Stored items
*** Block opens ***
lemma frobenius_fps_conv_radius:
  fixes F :: "complex fps" and R \<rho> :: real
  assumes F: "ereal R \<le> fps_conv_radius F" and R: "R > 0" and \<rho>: "\<rho> > 0"
  obtains r where "0 < r" "r \<le> R" "ereal r \<le> fps_conv_radius (Abs_fps (frobenius_coeff (fps_nth F) \<rho>))"
proof -
  obtain K where K: "K > 0" "\<And>n. norm (fps_nth F n) \<le> K * (2 / R) ^ n"
    using fps_coeff_bound_of_conv_radius[OF F R] by blast
  define L where "L = max (max (4 / R) (K / \<rho>)) 1"
  have L: "L \<ge> 1" "4 / R \<le> L" "K \<le> \<rho> * L"
  proof -
    show "L \<ge> 1" "4 / R \<le> L" by (auto simp: L_def)
    have "K / \<rho> \<le> L" by (simp add: L_def)
    then show "K \<le> \<rho> * L" using \<rho> by (simp add: field_simps)
  qed
  have "norm (fps_nth F j) \<le> K * (L / 2) ^ j" for j
  proof -
    have "(2 / R) ^ j \<le> (L / 2) ^ j"
      using L(2) R by (intro power_mono) (auto simp: field_simps)
    then show ?thesis
      using K by (meson mult_left_mono less_imp_le order_trans)
  qed
  then have "norm (frobenius_coeff (fps_nth F) \<rho> n) \<le> L ^ n" for n
    using norm_frobenius_coeff_le[OF \<rho> _ L(1,3)] K(1) by simp
  then have "ereal (1 / L) \<le> fps_conv_radius (Abs_fps (frobenius_coeff (fps_nth F) \<rho>))"
    using L(1) by (intro fps_conv_radius_ge_of_coeff_bound) auto
  moreover have "0 < 1 / L" "1 / L \<le> R"
    using L R by (auto simp: field_simps)
  ultimately show ?thesis
    using that by blast
qed

lemma eval_frobenius_fps_equation:
  fixes F :: "complex fps" and \<rho> :: real
  defines "H \<equiv> Abs_fps (frobenius_coeff (fps_nth F) \<rho>)"
  assumes \<rho>: "\<rho> > 0" and t: "ereal (norm t) < fps_conv_radius H" "ereal (norm t) < fps_conv_radius F"
  shows "t * eval_fps (fps_deriv (fps_deriv H)) t + of_real (2 * \<rho>) * eval_fps (fps_deriv H) t
    = eval_fps H t * eval_fps F t"
proof -
  have H': "ereal (norm t) < fps_conv_radius (fps_deriv H)"
    by (rule less_le_trans[OF t(1) fps_conv_radius_deriv])
  have H'': "ereal (norm t) < fps_conv_radius (fps_deriv (fps_deriv H))"
    by (rule less_le_trans[OF H' fps_conv_radius_deriv])
  have "ereal (norm t) < fps_conv_radius (fps_X * fps_deriv (fps_deriv H))"
      "ereal (norm t) < fps_conv_radius (fps_const (of_real (2 * \<rho>)) * fps_deriv H)"
    using H' H'' fps_conv_radius_mult[of fps_X "fps_deriv (fps_deriv H)"]
      fps_conv_radius_mult[of "fps_const (of_real (2 * \<rho>))" "fps_deriv H"]
    by (simp_all add: less_le_trans[of "ereal (norm t)"])
  then have "t * eval_fps (fps_deriv (fps_deriv H)) t + of_real (2 * \<rho>) * eval_fps (fps_deriv H) t
      = eval_fps (fps_X * fps_deriv (fps_deriv H) + fps_const (of_real (2 * \<rho>)) * fps_deriv H) t"
    using H' H'' by (simp add: eval_fps_add eval_fps_mult)
  also have "\<dots> = eval_fps (H * F) t"
    unfolding H_def frobenius_coeff_fps_equation[OF \<rho>] ..
  also have "\<dots> = eval_fps H t * eval_fps F t"
    using t by (simp add: eval_fps_mult)
  finally show ?thesis .
qed

text \<open>The holomorphic factor h of the Frobenius solution t^\<rho> h(t) of t^2 v'' = A v, where
  \<rho>(\<rho> - 1) = A(0): the equation for h is t h'' + 2 \<rho> h' = B h with B(t) = (A(t) - A(0))/t.\<close>
lemma frobenius_series:
  fixes A :: "complex \<Rightarrow> complex" and R \<rho> :: real
  assumes A: "A holomorphic_on ball 0 R" and R: "R > 0" and \<rho>: "\<rho> > 0"
  obtains r h h' h'' where "0 < r" "r \<le> R" "h 0 = 1"
    "\<And>t. t \<in> ball 0 r \<Longrightarrow> (h has_field_derivative h' t) (at t)"
    "\<And>t. t \<in> ball 0 r \<Longrightarrow> (h' has_field_derivative h'' t) (at t)"
    "\<And>t. t \<in> ball 0 r \<Longrightarrow> t\<^sup>2 * h'' t + 2 * of_real \<rho> * t * h' t = (A t - A 0) * h t"
proof -
  define B where "B = (\<lambda>z. if z = 0 then deriv A 0 else (A z - A 0) / (z - 0))"
  have B: "B holomorphic_on ball 0 R"
    unfolding B_def by (rule pole_lemma_open[OF A open_ball])
  define F where "F = fps_expansion B 0"
  have F_radius: "ereal R \<le> fps_conv_radius F"
    unfolding F_def using B by (intro conv_radius_fps_expansion) simp
  have F_eval: "eval_fps F t = B t" if "norm t < R" for t
    using eval_fps_expansion'[of B 0 "ereal R" t] B that by (simp add: F_def)
  define H where "H = Abs_fps (frobenius_coeff (fps_nth F) \<rho>)"
  obtain r where r: "0 < r" "r \<le> R" "ereal r \<le> fps_conv_radius H"
    unfolding H_def by (rule frobenius_fps_conv_radius[OF F_radius R \<rho>])
  show ?thesis
  proof (rule that[OF r(1,2), of "eval_fps H" "eval_fps (fps_deriv H)" "eval_fps (fps_deriv (fps_deriv H))"])
    show "eval_fps H 0 = 1"
      by (simp add: eval_fps_at_0 H_def frobenius_coeff.simps)
    fix t :: complex assume "t \<in> ball 0 r"
    then have t: "norm t < R" "ereal (norm t) < fps_conv_radius H" "ereal (norm t) < fps_conv_radius F"
      using r less_le_trans[OF _ r(3), of "ereal (norm t)"] less_le_trans[OF _ F_radius, of "ereal (norm t)"]
      by auto
    show "(eval_fps H has_field_derivative eval_fps (fps_deriv H) t) (at t)"
      using t(2) by (rule has_field_derivative_eval_fps)
    show "(eval_fps (fps_deriv H) has_field_derivative eval_fps (fps_deriv (fps_deriv H)) t) (at t)"
      using less_le_trans[OF t(2) fps_conv_radius_deriv] by (rule has_field_derivative_eval_fps)
    have "t * (t * eval_fps (fps_deriv (fps_deriv H)) t + of_real (2 * \<rho>) * eval_fps (fps_deriv H) t)
        = (t * B t) * eval_fps H t"
      using eval_frobenius_fps_equation[OF \<rho> t(2,3)[unfolded H_def]] F_eval[OF t(1)]
      by (simp add: H_def)
    moreover have "t * B t = A t - A 0"
      by (simp add: B_def)
    ultimately show "t\<^sup>2 * eval_fps (fps_deriv (fps_deriv H)) t + 2 * of_real \<rho> * t * eval_fps (fps_deriv H) t
        = (A t - A 0) * eval_fps H t"
      by (simp add: algebra_simps power2_eq_square)
  qed
qed
(* Let $\mathcal{A}$ be a commutative $\sigma$-finite W*-algebra or a commutative AW*-algebra, and let $\mathcal{E}$ be a Hilbert C*-module over $\mathcal{A}$ of rank $d$. Let $n\geq \max(d,2)$ and let $\{\tau_j\}_{j=1}^n$ be a collection in $\mathcal{E}$ with $\langle\tau_j,\tau_j\rangle=1$ for all $j$. Then \[ 1\geq \|I_{\mathrm{MRMS}} (\{\tau_j\}_{j=1}^n)\|\geq I_{\mathrm{MRMS}} (\{\tau_j\}_{j=1}^n)\geq \left(\frac{n-d}{d(n-1)}\right)^{1/2}. \]
   Context: A W*-algebra is $\sigma$-finite if it contains at most countably many mutually orthogonal (nonzero) projections. A C*-algebra is an AW*-algebra if every set of orthogonal projections has a supremum and every maximal commutative self-adjoint subalgebra is generated by its projections. Such algebras are unital, with identity $1$. The $\mathcal{A}$-valued inner product on $\mathcal{E}$ is linear in the first variable and conjugate-linear in the second. $\mathcal{E}$ has rank $d$ if it has an orthonormal basis $\{\omega_j\}_{j=1}^d$, i.e. $\langle\omega_j,\omega_k\rangle=\delta_{jk}1$ and $x=\sum_{j=1}^d\langle x,\omega_j\rangle\omega_j$ for all $x$. The modular root-mean-square cross relation is the positive element \[ I_{\mathrm{MRMS}} (\{\tau_j\}_{j=1}^n)= \left(\frac{1}{n(n-1)}\sum _{1\leq j,k \leq n,\, j\neq k}\langle \tau_j, \tau_k\rangle \langle \tau_k, \tau_j\rangle \right)^{1/2}\in\mathcal{A} \] (positive square root). Inequalities between elements of $\mathcal{A}$ are in the order on self-adjoint elements, a real number $c$ being identified with $c\cdot 1$; $\|\cdot\|$ is the C*-norm. *)

theory Defs
  imports "HOL-Analysis.Analysis"
begin
(* There are isomorphisms of algebras: - If $r\in3+2\mathbb N$: $\mathbb A_{\bar0}\cong A^{\frac{r-1}{2}}\times\mathbb C\cong\mathbb A_{\bar1}$. - If $r\in2+4\mathbb N$: $\mathbb A_{\bar0}\cong A^{\frac{r-2}{4}}\times B$ and $\mathbb A_{\bar1}\cong A^{\frac{r-2}{4}}\times\mathbb C$. - If $r\in4+4\mathbb N$: $\mathbb A_{\bar0}\cong A^{\frac r4}$ and $\mathbb A_{\bar1}\cong A^{\frac{r-4}{4}}\times B\times\mathbb C$. Here $A^n$ denotes the product of $n$ copies of $A$.
   Context: Fix a positive integer $r$. Let $r'=r$ if $r$ is odd and $r'=r/2$ if $r$ is even. Set $q=e^{\pi\sqrt{-1}/r}$, $q^x=e^{\pi\sqrt{-1}x/r}$, $\{x\}=q^x-q^{-x}$, $[x]=\{x\}/\{1\}$. $\overline U=\overline U_q^H\mathfrak{sl}(2)$ is the Hopf algebra over $\mathbb C$ generated by $E,F,K,K^{-1},H$ with: - relations $KK^{-1}=K^{-1}K=1$, $KEK^{-1}=q^2E$, $KFK^{-1}=q^{-2}F$, $EF-FE=\frac{K-K^{-1}}{q-q^{-1}}$, $HK=KH$, $[H,E]=2E$, $[H,F]=-2F$, $E^r=F^r=0$; - coproduct $\Delta(E)=1\otimes E+E\otimes K$, $\Delta(F)=K^{-1}\otimes F+F\otimes1$, $\Delta(K)=K\otimes K$, $\Delta(H)=H\otimes1+1\otimes H$. Weight modules: $H$ diagonalizable and $K=q^\lambda$ on weight-$\lambda$ vectors. $\mathbb C^H_{kr}$ is the one-dimensional module with $E=F=0$ and $H=kr$. Definition of $P_i$, for $i\in\{0,\dots,r-2\}$ (write $j=r-2-i$ and $\gamma_{n,k}=[k][n-k+1]$). $P_i$ has basis $h_m$ ($m=i,i-2,\dots,-i$), $s_m$ ($m=i,\dots,-i$), $R_m$ ($m=r+j,\dots,r-j$), $L_m$ ($m=j-r,\dots,-j-r$), each of weight $m$, with: - $Fh_m=h_{m-2}$ ($m>-i$), $Fh_{-i}=L_{j-r}$; - $Fs_m=s_{m-2}$ ($m>-i$), $Fs_{-i}=0$; - $FL_m=L_{m-2}$ ($m>-j-r$), $FL_{-j-r}=0$; - $FR_{r-j}=s_i$, $FR_{r-j+2k}=-\gamma_{j,k}R_{r-j+2k-2}$ ($1\le k\le j$); - $Eh_i=R_{r-j}$, $Eh_{i-2k}=\gamma_{i,k}h_{i-2k+2}+s_{i-2k+2}$; - $Es_i=0$, $Es_{i-2k}=\gamma_{i,k}s_{i-2k+2}$; - $ER_m=R_{m+2}$ ($m<r+j$), $ER_{r+j}=0$; - $EL_{j-r}=s_{-i}$, $EL_{j-2k-r}=-\gamma_{j,k}L_{j-2k-r+2}$. $P_{r-1}$ is the $r$-dimensional simple module of highest weight $r-1$. The module $\mathbb P$. Let $\mathbb P=\bigoplus_{k\in\mathbb Z}\bigoplus_{i=0}^{r-1}\mathbb C^H_{kr}\otimes P_i$, an infinite-dimensional weight module with finite-dimensional weight spaces. - It is $\mathbb Z$-graded by giving the summand $\mathbb C^H_{kr}\otimes P_i$ degree $k$. - For $\nu\in\{\bar0,\bar1\}$, $\mathbb P_\nu$ is the sum of the weight spaces with weights in $\nu+2\mathbb Z$, so $\mathbb P=\mathbb P_{\bar0}\oplus\mathbb P_{\bar1}$. - Let $\sigma=\mathbb C^H_{2r'}$. The canonical isomorphisms $\sigma\otimes\mathbb C^H_{kr}\otimes P_i\cong\mathbb C^H_{kr+2r'}\otimes P_i$ ($1\otimes1\otimes v\mapsto1\otimes v$) define an action of $\mathbb Z$ on $\mathbb P$. - $\mathbb A_\nu=\mathrm{End}_\sigma(\mathbb P_\nu)$ is the algebra of $\overline U$-linear endomorphisms of $\mathbb P_\nu$ commuting with this action. It is $\mathbb Z$-graded: a map has degree $d$ if it sends degree $k$ to degree $k+d$. The algebras $A$ and $B$. - $A$ is the $\mathbb Z$-graded $\mathbb C$-algebra generated by orthogonal idempotents $p,q$ with $p+q=1$ and elements $a_+,a_-,b_+,b_-$ with $a_\pm=qa_\pm p$, $b_\pm=pb_\pm q$ (the path algebra of the quiver with two vertices $p,q$, arrows $a_\pm$ from $p$ to $q$ and $b_\pm$ from $q$ to $p$). The relations are $a_+b_+=b_+a_+=a_-b_-=b_-a_-=0$, $a_+b_-+a_-b_+=0$, $b_+a_-+b_-a_+=0$. Grading: $a_+,b_+$ have degree $1$, $a_-,b_-$ degree $-1$, and $p,q$ degree $0$; $A$ has basis $\{a_+,b_+,a_-,b_-,p,q,b_+a_-,a_+b_-\}$. - $B$ is the quotient of $A$ by $p=q$, $a_+=b_+$, $a_-=b_-$; that is, the exterior algebra generated by $a_+$ (degree $1$) and $a_-$ (degree $-1$) with $a_+^2=a_-^2=0$ and $a_+a_-+a_-a_+=0$. *)

theory Defs
  imports Complex_Main
begin

definition qe :: "nat \<Rightarrow> int \<Rightarrow> complex" where
  "qe r x = exp (of_real pi * \<i> * of_int x / of_nat r)"

definition qbr :: "nat \<Rightarrow> int \<Rightarrow> complex" where
  "qbr r x = qe r x - qe r (- x)"

definition qint :: "nat \<Rightarrow> int \<Rightarrow> complex" where
  "qint r x = qbr r x / qbr r 1"

definition gam :: "nat \<Rightarrow> int \<Rightarrow> int \<Rightarrow> complex" where
  "gam r n k = qint r k * qint r (n - k + 1)"

record 'a calg =
  acar  :: "'a set"
  aadd  :: "'a \<Rightarrow> 'a \<Rightarrow> 'a"
  amul  :: "'a \<Rightarrow> 'a \<Rightarrow> 'a"
  asmul :: "complex \<Rightarrow> 'a \<Rightarrow> 'a"
  azero :: "'a"
  aone  :: "'a"

definition alg_iso :: "'a calg \<Rightarrow> 'b calg \<Rightarrow> ('a \<Rightarrow> 'b) \<Rightarrow> bool" where
  "alg_iso S T \<phi> \<longleftrightarrow> bij_betw \<phi> (acar S) (acar T)
     \<and> (\<forall>x\<in>acar S. \<forall>y\<in>acar S. \<phi> (aadd S x y) = aadd T (\<phi> x) (\<phi> y))
     \<and> (\<forall>x\<in>acar S. \<forall>y\<in>acar S. \<phi> (amul S x y) = amul T (\<phi> x) (\<phi> y))
     \<and> (\<forall>c. \<forall>x\<in>acar S. \<phi> (asmul S c x) = asmul T c (\<phi> x))
     \<and> \<phi> (aone S) = aone T"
*** Block closes ***
Exercise details
Give again exactly, and only, the lines above starting at the one with "proof (rule that[OF" and ending at the one with "by (simp add: H_def)".

Answer below
  proof (rule that[OF r(1,2), of "eval_fps H" "eval_fps (fps_deriv H)" "eval_fps (fps_deriv (fps_deriv H))"])
    show "eval_fps H 0 = 1"
      by (simp add: eval_fps_at_0 H_def frobenius_coeff.simps)
    fix t :: complex assume "t \<in> ball 0 r"
    then have t: "norm t < R" "ereal (norm t) < fps_conv_radius H" "ereal (norm t) < fps_conv_radius F"
      using r less_le_trans[OF _ r(3), of "ereal (norm t)"] less_le_trans[OF _ F_radius, of "ereal (norm t)"]
      by auto
    show "(eval_fps H has_field_derivative eval_fps (fps_deriv H) t) (at t)"
      using t(2) by (rule has_field_derivative_eval_fps)
    show "(eval_fps (fps_deriv H) has_field_derivative eval_fps (fps_deriv (fps_deriv H)) t) (at t)"
      using less_le_trans[OF t(2) fps_conv_radius_deriv] by (rule has_field_derivative_eval_fps)
    have "t * (t * eval_fps (fps_deriv (fps_deriv H)) t + of_real (2 * \<rho>) * eval_fps (fps_deriv H) t)
        = (t * B t) * eval_fps H t"
      using eval_frobenius_fps_equation[OF \<rho> t(2,3)[unfolded H_def]] F_eval[OF t(1)]
      by (simp add: H_def)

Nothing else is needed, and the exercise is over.